• _Your task_
Only the lines with "sites" in the entries below belong in the answer; please copy them.

• _Dataset excerpts_

(* Let $G_n$ be a random $d$-regular multigraph on $n$ vertices (configuration model), with $d$ fixed and independent of $n$. Assume the strong external infection regime $0<\kappa<\frac{1}{4(n-1)^2}$, $a>1-\frac{1}{n^\alpha}>1-\kappa>\frac12$ for some $\alpha>1$, and additionally $\lambda\le\frac{1}{dn^\alpha}$. Let $t^{(n)}_{\mathrm{mix}}(\epsilon)$ be the mixing time of the noisy SIS model run on the realized multigraph. Then for every fixed $\epsilon\in(0,1)$ there is a sequence $\delta_n\to0$ such that for every $\epsilon'>0$ and all $n$ large enough, $$\mathbf{P}\Big(\tfrac{n}{2}\log n\,(1-\delta_n)\le t^{(n)}_{\mathrm{mix}}(\epsilon)\le 2n\log n\,(1+\delta_n)\Big)\ge1-\epsilon',$$ where $\mathbf{P}$ is the law of the random multigraph.
   Context: Configuration model for a random $d$-regular multigraph ($dn$ even): each of the $n$ vertices receives $d$ half-edges; the $dn$ half-edges are paired uniformly at random, each pair forming an edge; self-loops and multiple edges are allowed. The state space is $\Omega_n=\{0,1\}^{V_n}$. For $\sigma\in\Omega_n$, $x\in V_n$, let $n_{I,\sigma}(x)=\#\{e\in E_n: e=(x,y),\ x\ne y,\ \sigma_y=1\}$ (edges counted with multiplicity, self-loops excluded), and $\Delta^{(n)}_{\max}$ the maximal degree. Fix $a,\lambda,\kappa>0$ (may depend on $n$), put $p(\sigma,x)=a+\lambda\, n_{I,\sigma}(x)$. The noisy SIS model is the discrete-time Markov chain on $\Omega_n$ in which, at each step, a vertex $x$ is chosen uniformly at random and only its state may change: if $\sigma_x=0$ it becomes $1$ with probability $p(\sigma,x)$ and stays $0$ otherwise; if $\sigma_x=1$ it becomes $0$ with probability $\kappa$ and stays $1$ otherwise. It has unique stationary distribution $\mu^n_{a,\lambda,\kappa}$. With $\mu^n_{\eta_0,t}$ the law at time $t$ from $\eta_0$ and $d_{TV}$ total variation distance, $d^{(n)}(t)=\sup_{\eta_0}d_{TV}(\mu^n_{\eta_0,t},\mu^n_{a,\lambda,\kappa})$ and $t^{(n)}_{\mathrm{mix}}(\epsilon)=\inf\{t\ge0:d^{(n)}(t)\le\epsilon\}$. *)

theory Defs
  imports "HOL-Probability.Probability_Mass_Function"
begin

text \<open>Vertices are 0..n-1, half-edges are 0..d*n-1, half-edge h
  belongs to vertex h div d. A pairing is a fixed-point-free involution of the half-edges
  (extended by the identity outside).\<close>

definition pairings :: "nat \<Rightarrow> nat \<Rightarrow> (nat \<Rightarrow> nat) set" where
  "pairings d n = {f. (\<forall>h<d*n. f h < d*n \<and> f h \<noteq> h \<and> f (f h) = h) \<and> (\<forall>h\<ge>d*n. f h = h)}"

definition config_model :: "nat \<Rightarrow> nat \<Rightarrow> (nat \<Rightarrow> nat) pmf" where
  "config_model d n = pmf_of_set (pairings d n)"

text \<open>Number of infected neighbours of x (edges with multiplicity, self-loops excluded):
  each edge x--y with y \<noteq> x corresponds to exactly one half-edge h at x with partner at y.\<close>
definition nI :: "nat \<Rightarrow> nat \<Rightarrow> (nat \<Rightarrow> nat) \<Rightarrow> (nat \<Rightarrow> bool) \<Rightarrow> nat \<Rightarrow> nat" where
  "nI d n f \<sigma> x = card {h. h < d*n \<and> h div d = x \<and> f h div d \<noteq> x \<and> \<sigma> (f h div d)}"

definition states :: "nat \<Rightarrow> (nat \<Rightarrow> bool) set" where
  "states n = {\<sigma>. \<forall>x\<ge>n. \<sigma> x = False}"

definition infp :: "nat \<Rightarrow> nat \<Rightarrow> (nat \<Rightarrow> nat) \<Rightarrow> real \<Rightarrow> real \<Rightarrow> (nat \<Rightarrow> bool) \<Rightarrow> nat \<Rightarrow> real" where
  "infp d n f a lam \<sigma> x = min 1 (a + lam * real (nI d n f \<sigma> x))"

definition site_step :: "nat \<Rightarrow> nat \<Rightarrow> (nat \<Rightarrow> nat) \<Rightarrow> real \<Rightarrow> real \<Rightarrow> real
    \<Rightarrow> nat \<Rightarrow> (nat \<Rightarrow> bool) \<Rightarrow> (nat \<Rightarrow> bool) \<Rightarrow> real" where
  "site_step d n f a lam kap x \<sigma> \<tau> =
     (if \<sigma> x then (if \<tau> = \<sigma>(x := False) then kap else 0) + (if \<tau> = \<sigma> then 1 - kap else 0)
      else (if \<tau> = \<sigma>(x := True) then infp d n f a lam \<sigma> x else 0)
           + (if \<tau> = \<sigma> then 1 - infp d n f a lam \<sigma> x else 0))"

definition sis_P :: "nat \<Rightarrow> nat \<Rightarrow> (nat \<Rightarrow> nat) \<Rightarrow> real \<Rightarrow> real \<Rightarrow> real
    \<Rightarrow> (nat \<Rightarrow> bool) \<Rightarrow> (nat \<Rightarrow> bool) \<Rightarrow> real" where
  "sis_P d n f a lam kap \<sigma> \<tau> = (\<Sum>x<n. site_step d n f a lam kap x \<sigma> \<tau>) / real n"

primrec chain_dist :: "('s \<Rightarrow> 's \<Rightarrow> real) \<Rightarrow> 's set \<Rightarrow> 's \<Rightarrow> nat \<Rightarrow> 's \<Rightarrow> real" where
  "chain_dist P S s0 0 = (\<lambda>s. if s = s0 then 1 else 0)"
| "chain_dist P S s0 (Suc t) = (\<lambda>s. \<Sum>r\<in>S. chain_dist P S s0 t r * P r s)"

definition is_stationary :: "('s \<Rightarrow> 's \<Rightarrow> real) \<Rightarrow> 's set \<Rightarrow> ('s \<Rightarrow> real) \<Rightarrow> bool" where
  "is_stationary P S \<pi> \<longleftrightarrow> (\<forall>s\<in>S. 0 \<le> \<pi> s) \<and> (\<forall>s. s \<notin> S \<longrightarrow> \<pi> s = 0)
      \<and> (\<Sum>s\<in>S. \<pi> s) = 1 \<and> (\<forall>s\<in>S. (\<Sum>r\<in>S. \<pi> r * P r s) = \<pi> s)"

definition stat_dist :: "('s \<Rightarrow> 's \<Rightarrow> real) \<Rightarrow> 's set \<Rightarrow> 's \<Rightarrow> real" where
  "stat_dist P S = (THE \<pi>. is_stationary P S \<pi>)"

definition tv_dist :: "'s set \<Rightarrow> ('s \<Rightarrow> real) \<Rightarrow> ('s \<Rightarrow> real) \<Rightarrow> real" where
  "tv_dist S \<mu> \<nu> = (\<Sum>s\<in>S. \<bar>\<mu> s - \<nu> s\<bar>) / 2"

definition worst_dist :: "('s \<Rightarrow> 's \<Rightarrow> real) \<Rightarrow> 's set \<Rightarrow> nat \<Rightarrow> real" where
  "worst_dist P S t = Max ((\<lambda>s0. tv_dist S (chain_dist P S s0 t) (stat_dist P S)) ` S)"

definition mix_time :: "('s \<Rightarrow> 's \<Rightarrow> real) \<Rightarrow> 's set \<Rightarrow> real \<Rightarrow> nat" where
  "mix_time P S \<epsilon> = Inf {t. worst_dist P S t \<le> \<epsilon>}"

definition sis_mix :: "nat \<Rightarrow> nat \<Rightarrow> (nat \<Rightarrow> nat) \<Rightarrow> real \<Rightarrow> real \<Rightarrow> real \<Rightarrow> real \<Rightarrow> nat" where
  "sis_mix d n f a lam kap \<epsilon> = mix_time (sis_P d n f a lam kap) (states n) \<epsilon>"

end

theory Submission
  imports Defs "HOL-Real_Asymp.Real_Asymp"
begin

text \<open>The external infection dominates the dynamics, whatever the multigraph: a healthy site
  chosen for update becomes infected with probability at least \<open>min 1 a > 1 - 1/n\<^sup>2\<close>, an
  infected one recovers with probability \<open>kap = O(1/n\<^sup>2)\<close>. Hence the number \<open>Z\<close> of healthy
  sites has a linear drift, and after \<open>2 n ln n\<close> steps its mean is at most \<open>1/sqrt n + 1/n\<close>
  from any start. By Markov's inequality the chain is then in the all-infected state with
  probability close to 1; this is a Doeblin minorization, giving a unique stationary
  distribution, which is concentrated on that state as well, and the upper bound. Started from
  the all-healthy state, a site stays healthy until it is first chosen, so the mean of \<open>Z\<close> is
  at least \<open>sqrt n\<close> up to time \<open>(n - 1) ln n / 2\<close>; two distinct sites are healthy together
  with probability about the square of the single-site probability, and the second moment
  method shows that \<open>Z > 0\<close> with probability close to 1, which gives the lower bound. Both
  bounds hold for every pairing, so the probability over the configuration model is 1.\<close>

lemma sum_point_mass:
  fixes g :: "'a \<Rightarrow> real"
  assumes "finite S" "c \<in> S"
  shows "(\<Sum>\<tau>\<in>S. (if \<tau> = c then k else 0) * g \<tau>) = k * g c"
  using assms by (simp add: if_distrib[of "\<lambda>u. u * _"] cong: if_cong)

lemma sum_mult_sum_swap:
  fixes f :: "'a \<Rightarrow> real"
  shows "(\<Sum>s\<in>B. (\<Sum>r\<in>A. f r * h r s) * g s) = (\<Sum>r\<in>A. f r * (\<Sum>s\<in>B. h r s * g s))"
proof -
  have "(\<Sum>s\<in>B. (\<Sum>r\<in>A. f r * h r s) * g s) = (\<Sum>s\<in>B. \<Sum>r\<in>A. f r * (h r s * g s))"
    by (simp add: sum_distrib_right mult.assoc)
  also have "\<dots> = (\<Sum>r\<in>A. f r * (\<Sum>s\<in>B. h r s * g s))"
    by (subst sum.swap) (simp add: sum_distrib_left)
  finally show ?thesis .
qed

lemma sum_mult_affine:
  fixes w h :: "'a \<Rightarrow> real"
  shows "(\<Sum>q\<in>A. w q * (B * h q + C)) = B * (\<Sum>q\<in>A. w q * h q) + C * (\<Sum>q\<in>A. w q)"
  by (simp add: algebra_simps sum.distrib sum_distrib_left)

lemma linear_recurrence_le:
  fixes u :: "nat \<Rightarrow> real"
  assumes step: "\<And>t. u (Suc t) \<le> \<rho> * u t + \<beta>" and "0 \<le> \<rho>" "\<rho> < 1" "0 \<le> \<beta>"
  shows "u t \<le> \<rho>^t * u 0 + \<beta> / (1 - \<rho>)"
proof (induction t)
  case (Suc t)
  have "u (Suc t) \<le> \<rho> * (\<rho>^t * u 0 + \<beta> / (1 - \<rho>)) + \<beta>"
    using step[of t] Suc mult_left_mono[OF Suc \<open>0 \<le> \<rho>\<close>] by linarith
  also have "\<dots> = \<rho>^Suc t * u 0 + \<beta> / (1 - \<rho>)"
    using \<open>\<rho> < 1\<close> by (simp add: field_simps)
  finally show ?case .
qed (use assms in simp)

lemma linear_recurrence_ge:
  fixes u :: "nat \<Rightarrow> real"
  assumes step: "\<And>t. \<rho> * u t \<le> u (Suc t)" and "0 \<le> \<rho>"
  shows "\<rho>^t * u 0 \<le> u t"
proof (induction t)
  case (Suc t)
  then show ?case
    using step[of t] mult_left_mono[OF Suc \<open>0 \<le> \<rho>\<close>] by (simp add: mult.assoc)
qed simp

lemma convergent_geometric_increments:
  fixes x :: "nat \<Rightarrow> real"
  assumes incr: "\<And>k. \<bar>x (Suc k) - x k\<bar> \<le> C * q^k" and "0 \<le> q" "q < 1"
  shows "convergent x"
proof -
  have "summable (\<lambda>k. C * q^k)"
    using assms by (intro summable_mult summable_geometric) auto
  then have "summable (\<lambda>k. x (Suc k) - x k)"
    by (rule summable_comparison_test') (use incr in auto)
  then have "convergent (\<lambda>k. (\<Sum>i<k. x (Suc i) - x i) + x 0)"
    by (intro convergent_add convergent_const) (simp add: summable_iff_convergent)
  then show ?thesis by (simp add: sum_lessThan_telescope)
qed

lemma tv_dist_off_mass:
  fixes \<mu> \<pi> :: "'s \<Rightarrow> real"
  assumes fin: "finite S" and ss: "ss \<in> S"
    and "(\<Sum>s\<in>S. \<mu> s) = 1" "(\<Sum>s\<in>S. \<pi> s) = 1"
    and \<mu>_nonneg: "\<And>s. s \<in> S \<Longrightarrow> 0 \<le> \<mu> s" and \<pi>_nonneg: "\<And>s. s \<in> S \<Longrightarrow> 0 \<le> \<pi> s"
  shows "tv_dist S \<mu> \<pi> \<le> (\<Sum>s\<in>S-{ss}. \<mu> s) + (\<Sum>s\<in>S-{ss}. \<pi> s)"
    and "(\<Sum>s\<in>S-{ss}. \<mu> s) - (\<Sum>s\<in>S-{ss}. \<pi> s) \<le> tv_dist S \<mu> \<pi>"
proof -
  define m p where "m = (\<Sum>s\<in>S-{ss}. \<mu> s)" and "p = (\<Sum>s\<in>S-{ss}. \<pi> s)"
  have remove: "sum g S = g ss + sum g (S - {ss})" for g :: "'s \<Rightarrow> real"
    using sum.remove[OF fin ss] .
  have at_ss: "\<mu> ss = 1 - m" "\<pi> ss = 1 - p"
    using remove[of \<mu>] remove[of \<pi>] assms(3,4) unfolding m_def p_def by simp_all
  have "0 \<le> m" "0 \<le> p"
    unfolding m_def p_def using \<mu>_nonneg \<pi>_nonneg by (auto intro: sum_nonneg)
  have "(\<Sum>s\<in>S-{ss}. \<bar>\<mu> s - \<pi> s\<bar>) \<le> (\<Sum>s\<in>S-{ss}. \<mu> s + \<pi> s)"
    by (rule sum_mono) (use \<mu>_nonneg \<pi>_nonneg in \<open>auto simp: abs_if\<close>)
  then have off_le: "(\<Sum>s\<in>S-{ss}. \<bar>\<mu> s - \<pi> s\<bar>) \<le> m + p"
    unfolding m_def p_def by (simp add: sum.distrib)
  have "(\<Sum>s\<in>S-{ss}. \<mu> s - \<pi> s) \<le> (\<Sum>s\<in>S-{ss}. \<bar>\<mu> s - \<pi> s\<bar>)"
    by (rule sum_mono) auto
  then have off_ge: "m - p \<le> (\<Sum>s\<in>S-{ss}. \<bar>\<mu> s - \<pi> s\<bar>)"
    unfolding m_def p_def by (simp add: sum_subtractf)
  have tv: "2 * tv_dist S \<mu> \<pi> = \<bar>\<mu> ss - \<pi> ss\<bar> + (\<Sum>s\<in>S-{ss}. \<bar>\<mu> s - \<pi> s\<bar>)"
    unfolding tv_dist_def by (simp add: remove)
  have "\<bar>\<mu> ss - \<pi> ss\<bar> \<le> m + p" "m - p \<le> \<bar>\<mu> ss - \<pi> ss\<bar>"
    using at_ss \<open>0 \<le> m\<close> \<open>0 \<le> p\<close> by auto
  then show "tv_dist S \<mu> \<pi> \<le> m + p" and "m - p \<le> tv_dist S \<mu> \<pi>"
    using tv off_le off_ge by linarith+
qed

• _Task solution_
  sites has a linear drift, and after \<open>2 n ln n\<close> steps its mean is at most \<open>1/sqrt n + 1/n\<close>
  at least \<open>sqrt n\<close> up to time \<open>(n - 1) ln n / 2\<close>; two distinct sites are healthy together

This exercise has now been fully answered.